WHAT NEEDS TO BE DONE: Wherever "case" shows up in the records below, copy the whole line.

**** PROVIDED DATA

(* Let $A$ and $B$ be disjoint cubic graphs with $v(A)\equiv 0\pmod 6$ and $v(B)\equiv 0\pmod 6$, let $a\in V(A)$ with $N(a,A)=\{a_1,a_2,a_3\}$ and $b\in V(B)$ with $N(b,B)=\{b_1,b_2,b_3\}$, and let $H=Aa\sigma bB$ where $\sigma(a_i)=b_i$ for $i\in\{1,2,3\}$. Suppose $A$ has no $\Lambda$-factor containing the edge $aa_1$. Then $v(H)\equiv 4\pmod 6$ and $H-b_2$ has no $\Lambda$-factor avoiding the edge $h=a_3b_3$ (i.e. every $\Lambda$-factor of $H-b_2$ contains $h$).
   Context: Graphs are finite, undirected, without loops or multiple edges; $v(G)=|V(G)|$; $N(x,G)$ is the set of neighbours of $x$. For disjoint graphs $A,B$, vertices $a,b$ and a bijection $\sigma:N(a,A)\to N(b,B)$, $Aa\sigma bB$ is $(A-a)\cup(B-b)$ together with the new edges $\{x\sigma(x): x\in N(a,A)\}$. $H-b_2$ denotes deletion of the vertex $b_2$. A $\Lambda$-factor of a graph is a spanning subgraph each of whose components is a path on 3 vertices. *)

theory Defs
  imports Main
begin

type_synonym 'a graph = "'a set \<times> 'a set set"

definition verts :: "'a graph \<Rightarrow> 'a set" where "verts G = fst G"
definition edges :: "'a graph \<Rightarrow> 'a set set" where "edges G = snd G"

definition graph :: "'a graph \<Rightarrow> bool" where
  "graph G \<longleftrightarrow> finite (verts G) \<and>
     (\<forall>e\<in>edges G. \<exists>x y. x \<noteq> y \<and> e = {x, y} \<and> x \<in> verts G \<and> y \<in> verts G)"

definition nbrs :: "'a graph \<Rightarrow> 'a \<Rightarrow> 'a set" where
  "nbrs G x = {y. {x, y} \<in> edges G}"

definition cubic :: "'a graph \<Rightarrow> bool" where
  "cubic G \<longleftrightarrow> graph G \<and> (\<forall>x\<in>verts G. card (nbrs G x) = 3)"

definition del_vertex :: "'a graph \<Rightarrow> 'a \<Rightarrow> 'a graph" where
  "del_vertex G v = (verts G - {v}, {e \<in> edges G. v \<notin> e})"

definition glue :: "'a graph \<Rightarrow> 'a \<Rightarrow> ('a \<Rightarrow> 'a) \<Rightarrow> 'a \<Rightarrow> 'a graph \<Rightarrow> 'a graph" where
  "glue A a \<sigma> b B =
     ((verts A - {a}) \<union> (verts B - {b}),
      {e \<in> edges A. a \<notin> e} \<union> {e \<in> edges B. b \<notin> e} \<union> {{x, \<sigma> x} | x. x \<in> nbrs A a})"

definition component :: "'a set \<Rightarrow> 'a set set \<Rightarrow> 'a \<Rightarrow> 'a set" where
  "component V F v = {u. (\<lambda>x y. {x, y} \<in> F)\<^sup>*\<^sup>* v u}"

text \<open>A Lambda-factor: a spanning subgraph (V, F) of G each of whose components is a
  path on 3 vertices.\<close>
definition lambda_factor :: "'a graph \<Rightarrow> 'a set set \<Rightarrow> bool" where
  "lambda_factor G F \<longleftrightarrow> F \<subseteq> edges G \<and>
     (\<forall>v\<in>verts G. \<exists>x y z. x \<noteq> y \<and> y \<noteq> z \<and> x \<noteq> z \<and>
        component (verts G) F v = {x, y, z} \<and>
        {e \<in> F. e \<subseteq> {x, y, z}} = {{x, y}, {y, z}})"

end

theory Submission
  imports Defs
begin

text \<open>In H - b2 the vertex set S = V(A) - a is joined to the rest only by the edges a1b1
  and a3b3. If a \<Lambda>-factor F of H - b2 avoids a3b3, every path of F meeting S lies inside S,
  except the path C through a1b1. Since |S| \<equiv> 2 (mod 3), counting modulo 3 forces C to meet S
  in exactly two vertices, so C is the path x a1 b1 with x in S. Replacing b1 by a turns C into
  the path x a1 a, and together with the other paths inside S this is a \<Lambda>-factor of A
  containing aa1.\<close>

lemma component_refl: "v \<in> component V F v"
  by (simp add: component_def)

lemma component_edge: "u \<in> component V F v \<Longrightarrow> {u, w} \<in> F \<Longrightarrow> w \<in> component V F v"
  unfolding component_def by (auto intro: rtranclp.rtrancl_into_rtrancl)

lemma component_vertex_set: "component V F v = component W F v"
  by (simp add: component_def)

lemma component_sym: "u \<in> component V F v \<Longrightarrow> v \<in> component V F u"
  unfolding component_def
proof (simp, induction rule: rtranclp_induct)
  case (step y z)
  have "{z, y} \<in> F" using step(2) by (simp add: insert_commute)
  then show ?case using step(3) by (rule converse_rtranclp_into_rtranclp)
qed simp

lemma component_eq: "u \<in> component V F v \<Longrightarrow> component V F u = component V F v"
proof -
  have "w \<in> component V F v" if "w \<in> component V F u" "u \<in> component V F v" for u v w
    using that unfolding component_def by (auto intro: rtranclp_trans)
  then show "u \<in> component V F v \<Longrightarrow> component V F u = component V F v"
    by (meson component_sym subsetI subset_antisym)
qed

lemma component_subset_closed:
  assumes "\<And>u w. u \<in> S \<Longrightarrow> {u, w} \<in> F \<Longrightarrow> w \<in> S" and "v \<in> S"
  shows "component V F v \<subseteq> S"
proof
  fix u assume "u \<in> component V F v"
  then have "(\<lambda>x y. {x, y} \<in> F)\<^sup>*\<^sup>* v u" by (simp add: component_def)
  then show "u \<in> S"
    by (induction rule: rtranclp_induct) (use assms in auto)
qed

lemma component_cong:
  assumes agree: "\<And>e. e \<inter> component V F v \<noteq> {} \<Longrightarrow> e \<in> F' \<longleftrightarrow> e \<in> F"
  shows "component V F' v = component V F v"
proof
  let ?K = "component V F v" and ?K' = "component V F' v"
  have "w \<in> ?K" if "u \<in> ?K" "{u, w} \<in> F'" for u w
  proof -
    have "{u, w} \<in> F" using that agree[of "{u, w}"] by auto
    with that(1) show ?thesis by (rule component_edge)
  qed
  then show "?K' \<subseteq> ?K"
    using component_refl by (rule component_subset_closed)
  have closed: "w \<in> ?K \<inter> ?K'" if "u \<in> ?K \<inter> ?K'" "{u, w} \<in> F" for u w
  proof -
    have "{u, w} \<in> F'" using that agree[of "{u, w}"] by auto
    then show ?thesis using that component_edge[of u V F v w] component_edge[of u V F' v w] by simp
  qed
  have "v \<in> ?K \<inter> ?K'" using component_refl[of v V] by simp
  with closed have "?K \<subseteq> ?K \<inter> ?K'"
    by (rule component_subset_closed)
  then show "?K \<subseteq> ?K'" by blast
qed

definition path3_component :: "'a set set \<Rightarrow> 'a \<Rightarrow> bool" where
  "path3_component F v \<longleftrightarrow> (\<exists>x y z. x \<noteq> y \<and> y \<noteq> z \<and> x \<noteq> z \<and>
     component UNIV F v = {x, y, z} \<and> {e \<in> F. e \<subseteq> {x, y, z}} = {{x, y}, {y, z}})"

********

REPLY TO THE TASK:
  case (step y z)
  then show ?case using step(3) by (rule converse_rtranclp_into_rtranclp)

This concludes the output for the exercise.